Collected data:
──────────────────────────────

text \<open>
  Fix \<open>\<rho> > 0\<close> bounding each of the four terms on the right by \<open>\<rho>\<^sup>2\<close>. On an
  edge, \<open>|w| \<le> \<rho>/2 + |w|\<^sup>2/(2\<rho>)\<close> shows that \<open>v\<^sup>i\<close> oscillates by \<open>O(\<rho>)\<close>;
  with the vertex conditions this gives \<open>|V(src i) - V(tgt i)| = O(\<rho>)\<close> on every edge,
  and along paths of the connected graph \<open>|V\<^sub>j - V\<^sub>1| = O(\<rho>)\<close> for every vertex.
  So all of \<open>v\<close> lies within \<open>O(\<rho>)\<close> of the single vector \<open>c = V\<^sub>1\<close>; as
  \<open>|\<integral>\<^sub>N v| \<le> \<rho>\<close>, also \<open>|c| = O(\<rho>)\<close>, hence \<open>|v| = O(\<rho>)\<close> pointwise and
  \<open>\<parallel>v\<parallel> = O(\<rho>)\<close>. Choosing \<open>\<rho>\<close> as the square root of the right-hand side
  (or letting \<open>\<rho> \<rightarrow> 0\<close> when it vanishes) yields the inequality.
\<close>

lemma H1_with_derivD:
  assumes H: "H1_with_deriv l v w"
  shows "w integrable_on {0..l}"
    and "(\<lambda>s. (norm (w s))\<^sup>2) integrable_on {0..l}"
    and "(LINT s:{0..l}|lborel. (norm (w s))\<^sup>2) = integral {0..l} (\<lambda>s. (norm (w s))\<^sup>2)"
    and "\<And>s. s \<in> {0..l} \<Longrightarrow> v s = v 0 + integral {0..s} w"
    and "continuous_on {0..l} v"
proof -
  have meas: "set_borel_measurable lborel {0..l} w"
    and sq: "set_integrable lborel {0..l} (\<lambda>s. (norm (w s))\<^sup>2)"
    and rep: "\<forall>s\<in>{0..l}. v s = v 0 + (LINT t:{0..s}|lborel. w t)"
    using H unfolding H1_with_deriv_def by blast+
  have "set_integrable lborel {0..l} (\<lambda>s. 1 + (norm (w s))\<^sup>2)"
    using borel_integrable_atLeastAtMost'[OF continuous_on_const, of 0 l "1::real"] sq
    unfolding set_integrable_def by (simp add: distrib_left)
  then have wi: "set_integrable lborel {0..l} w"
  proof (rule set_integrable_bound[OF _ meas], intro AE_I2 impI)
    fix x
    \<comment> \<open>square integrability gives integrability on a bounded interval, via \<open>t \<le> 1 + t\<^sup>2\<close>\<close>
    have "2 * norm (w x) \<le> (norm (w x))\<^sup>2 + 1"
      using zero_le_power2[of "norm (w x) - 1"] by (simp add: power2_diff)
    then have "norm (w x) \<le> 1 + (norm (w x))\<^sup>2"
      using norm_ge_zero[of "w x"] by linarith
    then show "norm (w x) \<le> norm (1 + (norm (w x))\<^sup>2)" by simp
  qed
  show wI: "w integrable_on {0..l}"
    using set_borel_integral_eq_integral(1)[OF wi] .
  show "(\<lambda>s. (norm (w s))\<^sup>2) integrable_on {0..l}"
    "(LINT s:{0..l}|lborel. (norm (w s))\<^sup>2) = integral {0..l} (\<lambda>s. (norm (w s))\<^sup>2)"
    using set_borel_integral_eq_integral[OF sq] by blast+
  show rep': "v s = v 0 + integral {0..s} w" if "s \<in> {0..l}" for s
  proof -
    have "set_integrable lborel {0..s} w"
      by (rule set_integrable_subset[OF wi]) (use that in auto)
    then show ?thesis
      using rep that set_borel_integral_eq_integral(2) by metis
  qed
  have "continuous_on {0..l} (\<lambda>s. v 0 + integral {0..s} w)"
    by (intro continuous_intros indefinite_integral_continuous_1 wI)
  then show "continuous_on {0..l} v"
    by (rule continuous_on_eq) (erule rep'[symmetric])
qed
(* Let $m\ge1$, $N=2^m$, let $\mathcal{A}\subseteq[0,N-1]$ be nonempty such that the monomial set $\mathcal{I}=\{\mathbf{x}^{\mathrm{bin}(N-1-i)}:i\in\mathcal{A}\}$ is decreasing, and suppose the code $\mathcal{C}_{\boldsymbol{G}_N}(\mathcal{A})$ has minimum distance $2^{m-r}$. Let $\mathbf{P}\in\mathbb{F}_2^{N\times N}$ be upper triangular with unit diagonal. Then the minimum distance of $\mathcal{C}_{\mathbf{P}\boldsymbol{G}_N}(\mathcal{A})$ is also $2^{m-r}$, and the number of codewords of $\mathcal{C}_{\mathbf{P}\boldsymbol{G}_N}(\mathcal{A})$ of Hamming weight $2^{m-r}$ is at least $2^r$.
   Context: $\boldsymbol{G}_N=\begin{pmatrix}1&0\\1&1\end{pmatrix}^{\otimes m}$ over $\mathbb{F}_2$, rows/columns indexed by $0,\dots,N-1$; $\mathcal{C}_{\mathbf{B}}(\mathcal{S})$ is the code spanned by the rows of $\mathbf{B}$ indexed by $\mathcal{S}$. For $i\in[0,N-1]$, $\mathrm{bin}(i)=(i_0,\dots,i_{m-1})$ with $i=\sum_j i_j2^j$, $\mathbf{x}^{b}=\prod_jx_j^{b_j}$; row $i$ of $\boldsymbol{G}_N$ is the evaluation vector of $\mathbf{x}^{\mathrm{bin}(N-1-i)}$ on $\mathbb{F}_2^m$. Order on monomials: $f\preceq_w g$ iff $f\mid g$; for $f=x_{i_1}\cdots x_{i_s}$, $g=x_{j_1}\cdots x_{j_s}$ with $i_1<\dots<i_s$, $j_1<\dots<j_s$, $f\preceq_{sh}g$ iff $i_\ell\le j_\ell$ for all $\ell$; $f\preceq g$ iff some monomial $g^*$ satisfies $f\preceq_{sh}g^*\preceq_w g$. A set $\mathcal{I}$ of monomials is decreasing if $f\in\mathcal{I}$, $g\preceq f$ imply $g\in\mathcal{I}$. *)

theory Defs
  imports Main "HOL-Library.Z2"
begin
lemma card_switch_head:
  assumes hi: "2 \<le> hi" "hi \<le> m" "hi \<le> n + 1"
  shows "card (pairs (\<lambda>e a b. joined_first e a b \<and> \<not> H e (hd b) \<and> (\<exists>i. switch_stop 0 1 hi a b i)) m n)
       = card (pairs (\<lambda>e a b. joined e a b \<and> \<not> H e (hd a) \<and> (\<exists>i. unswitch_stop 0 1 hi a b i)) m n)"
proof -
  have swq: "row_switch 0 1 hi m n" by unfold_locales (use hi in auto)
  interpret q: row_switch 0 1 hi m n by (rule swq)
  have "card (pairs (\<lambda>e a b. joined_first e a b \<and> \<not> H e (hd b) \<and> (\<exists>i. switch_stop 0 1 hi a b i)) m n)
      = card (pairs (\<lambda>e a b. joined e a b \<and> \<not> H e (hd a) \<and> (\<exists>i. unswitch_stop 0 1 hi a b i)) (0+m) (n-0))"
  proof (rule card_switch[OF swq])
    fix e a b
    assume r: "is_row m a" "is_row n b"
      and p: "joined_first e a b \<and> \<not> H e (hd b) \<and> (\<exists>i. switch_stop 0 1 hi a b i)"
    have "hd a < hd b" using H_less p by (auto simp: joined_first_def)
    then have "a!0 < b!0" using is_row_hd_nth[OF r(1)] is_row_hd_nth[OF r(2)] hi by simp
    moreover have "1 < n \<Longrightarrow> b!0 \<le> b!1" using is_row_sorted[OF r(2)] is_row_len[OF r(2)]
      by (intro sorted_nth_mono) auto
    ultimately have "switch_guard 0 1 a b" using is_row_len[OF r(2)] by (auto simp: switch_guard_def)
    then show "(a,b) \<in> q.switch_dom" unfolding q.switch_dom_def using r p by auto
  next
    fix e a b
    assume r: "is_row (0+m) a" "is_row (n-0) b"
      and p: "joined e a b \<and> \<not> H e (hd a) \<and> (\<exists>i. unswitch_stop 0 1 hi a b i)"
    have "hd b < hd a" using H_less p by (auto simp: joined_def)
    then have "b!0 < a!0" using is_row_hd_nth[OF r(1)] is_row_hd_nth[OF r(2)] hi by simp
    moreover have "a!0 \<le> a!1" using is_row_sorted[OF r(1)] is_row_len[OF r(1)] hi
      by (intro sorted_nth_mono) auto
    ultimately have "unswitch_guard 0 1 a b" by (auto simp: unswitch_guard_def)
    then show "(a,b) \<in> q.unswitch_dom" unfolding q.unswitch_dom_def using r p by auto
  next
    fix e a b a' b' assume v: "(a,b) \<in> q.switch_dom" and f: "switch 0 1 hi (a,b) = (a',b')"
    have p: "last a' = last a" "hd a' = hd b" "hd b' = hd a" using q.switch_props[OF v f] by auto
    have "(a',b') \<in> q.unswitch_dom" using q.switch_in(1)[OF v] f by simp
    then have "\<exists>i. unswitch_stop 0 1 hi a' b' i" unfolding q.unswitch_dom_def by auto
    moreover from v have "\<exists>i. switch_stop 0 1 hi a b i" unfolding q.switch_dom_def by auto
    ultimately show "(joined_first e a b \<and> \<not> H e (hd b) \<and> (\<exists>i. switch_stop 0 1 hi a b i))
      = (joined e a' b' \<and> \<not> H e (hd a') \<and> (\<exists>i. unswitch_stop 0 1 hi a' b' i))"
      using p by (auto simp: joined_first_def joined_def)
  qed
  then show ?thesis by simp
qed
lemma exch_apply: "exch a b \<xi> v = (if v = b then \<xi> a else if v = a then \<xi> b else \<xi> v)"
  unfolding exch_def by auto

lemma exch_exch [simp]: "exch a b (exch a b \<xi>) = \<xi>"
  unfolding exch_def by (auto simp: fun_eq_iff)

lemma exch_trivial: "\<xi> a = \<xi> b \<Longrightarrow> exch a b \<xi> = \<xi>"
  unfolding exch_def by (auto simp: fun_eq_iff)

lemma exch_commute: "exch a b = exch b a"
  unfolding exch_def by (auto simp: fun_eq_iff)

lemma exch_through_left:
  assumes "\<xi> y = \<xi> x" "x \<noteq> y" "y \<noteq> z" "x \<noteq> z"
  shows "exch x z \<xi> = exch x y (exch y z \<xi>)"
  using assms by (auto simp: fun_eq_iff exch_apply)

lemma exch_through_right:
  assumes "\<xi> y = \<xi> z" "x \<noteq> y" "y \<noteq> z" "x \<noteq> z"
  shows "exch x z \<xi> = exch y z (exch x y \<xi>)"
  using assms by (auto simp: fun_eq_iff exch_apply)

lemma sum_configs_exch:
  assumes "a \<in> \<Lambda>" "b \<in> \<Lambda>"
  shows "(\<Sum>\<xi>\<in>configs \<Lambda>. h (exch a b \<xi>)) = (\<Sum>\<xi>\<in>configs \<Lambda>. h \<xi>)"
  by (rule sum.reindex_bij_witness[where i="exch a b" and j="exch a b"])
     (auto simp: exch_in_configs assms)

lemma sum_exch:
  fixes h :: "int \<Rightarrow> nat \<Rightarrow> 'a::ab_group_add"
  assumes "finite \<Lambda>" "a \<in> \<Lambda>" "b \<in> \<Lambda>"
  shows "(\<Sum>x\<in>\<Lambda>. h x (exch a b \<xi> x))
       = (\<Sum>x\<in>\<Lambda>. h x (\<xi> x)) + (h a (\<xi> b) - h a (\<xi> a)) + (h b (\<xi> a) - h b (\<xi> b))"
proof (cases "a = b")
  case True
  then show ?thesis by (simp add: exch_trivial)
next
  case False
  have "h x (exch a b \<xi> x) = h x (\<xi> x) + (if x = a then h a (\<xi> b) - h a (\<xi> a) else 0)
                                     + (if x = b then h b (\<xi> a) - h b (\<xi> b) else 0)" for x
    using False by (simp add: exch_apply)
  then show ?thesis
    using assms by (simp add: sum.distrib)
qed

definition energy :: "int set \<Rightarrow> (int \<Rightarrow> real) \<Rightarrow> (int \<Rightarrow> nat) \<Rightarrow> real" where
  "energy \<Lambda> \<alpha> \<xi> = (\<Sum>x\<in>\<Lambda>. \<alpha> x * real (\<xi> x))"

lemma energy_exch:
  assumes "finite \<Lambda>" "a \<in> \<Lambda>" "b \<in> \<Lambda>"
  shows "energy \<Lambda> \<alpha> (exch a b \<xi>) = energy \<Lambda> \<alpha> \<xi> + (\<alpha> a - \<alpha> b) * (real (\<xi> b) - real (\<xi> a))"
  using sum_exch[OF assms, of "\<lambda>x v. \<alpha> x * real v"] unfolding energy_def by (simp add: algebra_simps)

lemma particle_count_exch:
  assumes "finite \<Lambda>" "a \<in> \<Lambda>" "b \<in> \<Lambda>"
  shows "(\<Sum>x\<in>\<Lambda>. exch a b \<xi> x) = (\<Sum>x\<in>\<Lambda>. \<xi> x)"
  using sum_exch[OF assms, of "\<lambda>x v. int v"] by (simp flip: of_nat_sum)

lemma gc_bernoulli_gibbs_form:
  assumes "finite \<Lambda>" "\<xi> \<in> configs \<Lambda>"
  shows "gc_bernoulli \<Lambda> \<alpha> lam \<xi>
       = exp (lam * real (\<Sum>x\<in>\<Lambda>. \<xi> x)) / (\<Prod>x\<in>\<Lambda>. 1 + exp (\<alpha> x + lam)) * exp (energy \<Lambda> \<alpha> \<xi>)"
proof -
  have site: "(let p = exp (\<alpha> x + lam) / (1 + exp (\<alpha> x + lam)) in if \<xi> x = 1 then p else 1 - p)
            = exp ((\<alpha> x + lam) * real (\<xi> x)) / (1 + exp (\<alpha> x + lam))" if "x \<in> \<Lambda>" for x
  proof -
    have "1 + exp (\<alpha> x + lam) > 0" by (simp add: add_pos_pos)
    then have "1 - exp (\<alpha> x + lam) / (1 + exp (\<alpha> x + lam)) = 1 / (1 + exp (\<alpha> x + lam))"
      by (simp add: field_simps)
    then show ?thesis using configs_values[OF assms(2) that] by auto
  qed
  have "gc_bernoulli \<Lambda> \<alpha> lam \<xi> = (\<Prod>x\<in>\<Lambda>. exp ((\<alpha> x + lam) * real (\<xi> x)) / (1 + exp (\<alpha> x + lam)))"
    unfolding gc_bernoulli_def by (rule prod.cong[OF refl site])
  also have "\<dots> = exp (\<Sum>x\<in>\<Lambda>. (\<alpha> x + lam) * real (\<xi> x)) / (\<Prod>x\<in>\<Lambda>. 1 + exp (\<alpha> x + lam))"
    using assms(1) by (simp add: exp_sum prod_dividef)
  also have "(\<Sum>x\<in>\<Lambda>. (\<alpha> x + lam) * real (\<xi> x)) = energy \<Lambda> \<alpha> \<xi> + lam * real (\<Sum>x\<in>\<Lambda>. \<xi> x)"
    unfolding energy_def by (simp add: algebra_simps sum.distrib sum_distrib_left)
  finally show ?thesis by (simp add: exp_add)
qed

lemma can_bernoulli_gibbs_form:
  "can_bernoulli \<Lambda> \<alpha> K \<xi>
     = (if (\<Sum>x\<in>\<Lambda>. \<xi> x) = K then 1 / (\<Sum>\<zeta>\<in>{\<zeta>\<in>configs \<Lambda>. (\<Sum>x\<in>\<Lambda>. \<zeta> x) = K}. exp (energy \<Lambda> \<alpha> \<zeta>)) else 0)
       * exp (energy \<Lambda> \<alpha> \<xi>)"
  unfolding can_bernoulli_def energy_def by simp

locale exchange_covariant =
  fixes \<Lambda> :: "int set" and \<alpha> :: "int \<Rightarrow> real" and \<mu> :: "(int \<Rightarrow> nat) \<Rightarrow> real"
  assumes nonneg: "\<xi> \<in> configs \<Lambda> \<Longrightarrow> 0 \<le> \<mu> \<xi>"
    and exch: "\<xi> \<in> configs \<Lambda> \<Longrightarrow> a \<in> \<Lambda> \<Longrightarrow> b \<in> \<Lambda> \<Longrightarrow>
      \<mu> (exch a b \<xi>) = exp ((\<alpha> a - \<alpha> b) * (real (\<xi> b) - real (\<xi> a))) * \<mu> \<xi>"

lemma exchange_covariant_gibbs_form:
  assumes "finite \<Lambda>" and "\<And>n. 0 \<le> G n"
    and "\<And>\<xi>. \<xi> \<in> configs \<Lambda> \<Longrightarrow> \<mu> \<xi> = G (\<Sum>x\<in>\<Lambda>. \<xi> x) * exp (energy \<Lambda> \<alpha> \<xi>)"
  shows "exchange_covariant \<Lambda> \<alpha> \<mu>"
proof
  fix \<xi> a b assume \<xi>: "\<xi> \<in> configs \<Lambda>" and ab: "a \<in> \<Lambda>" "b \<in> \<Lambda>"
  show "\<mu> (exch a b \<xi>) = exp ((\<alpha> a - \<alpha> b) * (real (\<xi> b) - real (\<xi> a))) * \<mu> \<xi>"
    using assms(3)[OF \<xi>] assms(3)[OF exch_in_configs[OF \<xi> ab]]
    by (simp add: particle_count_exch energy_exch exp_add assms(1) ab)
qed (use assms in simp)

lemma bernoulli_measure_exchange_covariant:
  assumes "finite \<Lambda>" and "bernoulli_measure \<Lambda> \<alpha> \<mu>"
  shows "exchange_covariant \<Lambda> \<alpha> \<mu>"
  using assms(2) unfolding bernoulli_measure_def
proof (elim disjE exE conjE)
  fix lam assume "\<mu> = gc_bernoulli \<Lambda> \<alpha> lam"
  then show ?thesis
    by (intro exchange_covariant_gibbs_form[OF assms(1),
          where G="\<lambda>n. exp (lam * real n) / (\<Prod>x\<in>\<Lambda>. 1 + exp (\<alpha> x + lam))"])
       (simp_all add: gc_bernoulli_gibbs_form assms(1) prod_nonneg add_nonneg_nonneg)
next
  fix K assume "\<mu> = can_bernoulli \<Lambda> \<alpha> K"
  then show ?thesis
    by (intro exchange_covariant_gibbs_form[OF assms(1)])
       (simp_all add: can_bernoulli_gibbs_form sum_nonneg)
qed

abbreviation dirichlet ::
    "int set \<Rightarrow> ((int \<Rightarrow> nat) \<Rightarrow> real) \<Rightarrow> ((int \<Rightarrow> nat) \<Rightarrow> real) \<Rightarrow> int \<Rightarrow> int \<Rightarrow> real" where
  "dirichlet \<Lambda> w f x z \<equiv> integ \<Lambda> w (\<lambda>\<eta>. (grad x z f \<eta>)^2)"

lemma dirichlet_nonneg:
  "(\<And>\<xi>. \<xi> \<in> configs \<Lambda> \<Longrightarrow> 0 \<le> w \<xi>) \<Longrightarrow> 0 \<le> dirichlet \<Lambda> w f x z"
  unfolding integ_def by (auto intro!: sum_nonneg)

lemma dirichlet_le_scaled:
  assumes "\<And>\<xi>. \<xi> \<in> configs \<Lambda> \<Longrightarrow> \<xi> x \<noteq> \<xi> z \<Longrightarrow> w \<xi> \<le> C * w' \<xi>"
  shows "dirichlet \<Lambda> w f x z \<le> C * dirichlet \<Lambda> w' f x z"
  unfolding integ_def sum_distrib_left
proof (rule sum_mono)
  fix \<xi> assume "\<xi> \<in> configs \<Lambda>"
  then show "w \<xi> * (grad x z f \<xi>)^2 \<le> C * (w' \<xi> * (grad x z f \<xi>)^2)"
    using assms by (cases "\<xi> x = \<xi> z") (auto simp: grad_def exch_trivial mult.assoc[symmetric] intro: mult_right_mono)
qed

lemma power2_sum_le_weighted:
  fixes u v s t :: real
  assumes "s > 0" "t > 0"
  shows "(u + v)^2 \<le> (s + t) / s * u^2 + (s + t) / t * v^2"
proof -
  have "(s + t) / s * u^2 + (s + t) / t * v^2 - (u + v)^2 = (t * u - s * v)^2 / (s * t)"
    using assms by (simp add: field_simps power2_eq_square)
  moreover have "0 \<le> (t * u - s * v)^2 / (s * t)"
    using assms by simp
  ultimately show ?thesis by linarith
qed
(* Let $\mathcal{M}$ be a nontrivial, unbounded graph matroid family with dimensionality $d$, threshold $t$ and rank function $r$. Let $r_0=r(K_t)-d\cdot t$, let $\varepsilon=\frac{1}{6d}$, and let $\delta$ be a positive integer with $\delta\ge\max(6r_0,t)$ such that every graph with minimum degree at least $\delta$ has a $d$-dominating set of size at most $\varepsilon|V(G)|$. If $G=(V,E)$ is a graph with minimum degree at least $\delta$, then there is a vertex $v_0\in V$ such that $r(G)\le r(G-v_0)+d$.
   Context: All graphs are finite and simple and have no isolated vertices. A graph matroid family $\mathcal{M}$ assigns to every graph $G$ a matroid $\mathcal{M}(G)$ on $E(G)$ such that (i) every graph isomorphism $V(G)\to V(H)$ induces an isomorphism $\mathcal{M}(G)\to\mathcal{M}(H)$, and (ii) for every subgraph $H$ of $G$, $\mathcal{M}(H)$ is the restriction of $\mathcal{M}(G)$ to $E(H)$. $r(G)$ is the rank of $\mathcal{M}(G)$. $\mathcal{M}$ is nontrivial if some graph $G$ has $r(G)<|E(G)|$, unbounded if $r(K_n)$ is unbounded. An $\mathcal{M}$-circuit is a graph $C$ with $r(C)<|E(C)|$ and $r(C-e)=|E(C)|-1$ for all edges $e$. Dimensionality $d$: minimum over $\mathcal{M}$-circuits of (minimum degree $-1$); threshold $t$: minimum of $|V(C)|-1$ over $\mathcal{M}$-circuits $C$ of minimum degree $d+1$. A set $U\subseteq V(G)$ is $d$-dominating in $G$ if every vertex of $V(G)\setminus U$ has at least $d$ neighbours in $U$. *)

theory Defs
  imports Complex_Main
begin

text \<open>Graphs: finite simple graphs without isolated vertices, with vertices in nat,
  represented by their edge set (each edge a 2-element vertex set).\<close>

type_synonym graph = "nat set set"

definition is_graph :: "graph \<Rightarrow> bool" where
  "is_graph G \<longleftrightarrow> finite G \<and> (\<forall>e\<in>G. card e = 2)"
(* Let $H=[H_1,\dots,H_N]'$ be a function $\mathbb{R}^m\to\mathbb{R}^N$ each of whose components is convex, and let $\mathcal{A}=\{1,\dots,N\}$. Assume there exist $u^*\in\mathbb{R}^m$ and a set $\mathcal{G}\subset\mathcal{A}$ with $|\mathcal{G}|\ge2$ such that (a) $H_i(u^* )=\max_{1\le j\le N}H_j(u^* )$ for all $i\in\mathcal{G}$; (b) for all $u\ne u^*$ there exists $i\in\mathcal{G}$ such that $H_i(u)>H_i(u^* )$; (c) $u^*$ is not a minimum of any $H_i$, $i\in\mathcal{G}$. Then there exists a non-pure vector $p^*\in\mathcal{S}_{N-1}$ with support $I(p^* )\subseteq\mathcal{G}$ such that \[ \inf_{u\in\mathbb{R}^m}\sup_{p\in\mathcal{S}_{N-1}}p'H(u)=(p^* )'H(u^* )=\sup_{p\in\mathcal{S}_{N-1}}\inf_{u\in\mathbb{R}^m}p'H(u). \]
   Context: $\mathcal{S}_{N-1}=\{p\in\mathbb{R}^N:0\le p_j\le1,\sum_{j=1}^Np_j=1\}$ is the unit simplex. The support of $p$ is $I(p)=\{i:p_i>0\}$. A vector $p\in\mathcal{S}_{N-1}$ is non-pure if it is not a vertex of $\mathcal{S}_{N-1}$, i.e., it has at least two positive components. *)

theory Defs
  imports "HOL-Analysis.Analysis"
begin

definition unit_simplex :: "nat \<Rightarrow> (nat \<Rightarrow> real) set" where
  "unit_simplex N = {p. (\<forall>j\<in>{1..N}. 0 \<le> p j \<and> p j \<le> 1) \<and> (\<Sum>j\<in>{1..N}. p j) = 1
                   \<and> (\<forall>j. j \<notin> {1..N} \<longrightarrow> p j = 0)}"

definition supp_vec :: "nat \<Rightarrow> (nat \<Rightarrow> real) \<Rightarrow> nat set" where
  "supp_vec N p = {i\<in>{1..N}. p i > 0}"

definition non_pure :: "nat \<Rightarrow> (nat \<Rightarrow> real) \<Rightarrow> bool" where
  "non_pure N p \<longleftrightarrow> card (supp_vec N p) \<ge> 2"

definition pH :: "nat \<Rightarrow> (nat \<Rightarrow> real) \<Rightarrow> (nat \<Rightarrow> 'a \<Rightarrow> real) \<Rightarrow> 'a \<Rightarrow> real" where
  "pH N p H u = (\<Sum>j\<in>{1..N}. p j * H j u)"

end

theory Submission
  imports Defs
begin

text \<open>Shifting by \<open>M = max\<^sub>j H\<^sub>j(u\<^sup>*)\<close>, hypotheses (a) and (b) say that the convex functions
  \<open>H\<^sub>i - M\<close>, \<open>i \<in> G\<close>, are never all negative at the same point. By the theorem of the alternative
  for finitely many convex functions, some convex combination \<open>p\<^sup>*\<close> of them is nonnegative
  everywhere, i.e. \<open>p\<^sup>*'H(u) \<ge> M\<close> for all \<open>u\<close>, while \<open>p'H(u\<^sup>*) \<le> M\<close> for every \<open>p\<close> in the simplex.
  So \<open>(p\<^sup>*, u\<^sup>*)\<close> is a saddle point with value \<open>M\<close>. If \<open>p\<^sup>*\<close> were a vertex \<open>e\<^sub>i\<close>, then \<open>H\<^sub>i \<ge> M = H\<^sub>i(u\<^sup>*)\<close>
  would contradict (c).\<close>

lemma convex_on_sum_cmul:
  fixes f :: "'i \<Rightarrow> 'a::real_vector \<Rightarrow> real"
  assumes "finite J" "convex X"
    and "\<And>j. j \<in> J \<Longrightarrow> convex_on X (f j)" "\<And>j. j \<in> J \<Longrightarrow> q j \<ge> 0"
  shows "convex_on X (\<lambda>u. \<Sum>j\<in>J. q j * f j u)"
  using assms
  by (induction J rule: finite_induct) (auto simp: convex_on_const intro!: convex_on_add convex_on_cmul)

lemma convex_strict_sublevel:
  fixes f :: "'a::real_vector \<Rightarrow> real"
  assumes "convex_on X f"
  shows "convex {u\<in>X. f u < c}"
  unfolding convex_alt
proof (intro ballI allI impI)
  fix x y and t :: real
  assume x: "x \<in> {u\<in>X. f u < c}" and y: "y \<in> {u\<in>X. f u < c}" and "0 \<le> t \<and> t \<le> 1"
  then have t: "0 \<le> t" "t \<le> 1" by auto
  have X: "convex X" using assms convex_on_imp_convex by blast
  have "f ((1 - t) *\<^sub>R x + t *\<^sub>R y) \<le> (1 - t) * f x + t * f y"
    using convex_onD[OF assms t] x y by auto
  also have "\<dots> < (1 - t) * c + t * c"
  proof (cases "t = 0")
    case False
    then show ?thesis using x y t
      by (intro add_le_less_mono mult_left_mono mult_strict_left_mono) auto
  qed (use x in auto)
  finally show "(1 - t) *\<^sub>R x + t *\<^sub>R y \<in> {u\<in>X. f u < c}"
    using X x y t by (auto simp: convex_alt algebra_simps)
qed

──────────────────────────────

| WHAT YOU NEED TO DO |
Using the entries above, output exactly the lines between the line holding "using assms by simp" and the line holding "that $r(G)\le r(G-v_0)+d$.", end lines included, and nothing more.

| EXPECTED OUTPUT |
    using assms by simp
  ultimately show ?thesis by linarith
qed
(* Let $\mathcal{M}$ be a nontrivial, unbounded graph matroid family with dimensionality $d$, threshold $t$ and rank function $r$. Let $r_0=r(K_t)-d\cdot t$, let $\varepsilon=\frac{1}{6d}$, and let $\delta$ be a positive integer with $\delta\ge\max(6r_0,t)$ such that every graph with minimum degree at least $\delta$ has a $d$-dominating set of size at most $\varepsilon|V(G)|$. If $G=(V,E)$ is a graph with minimum degree at least $\delta$, then there is a vertex $v_0\in V$ such that $r(G)\le r(G-v_0)+d$.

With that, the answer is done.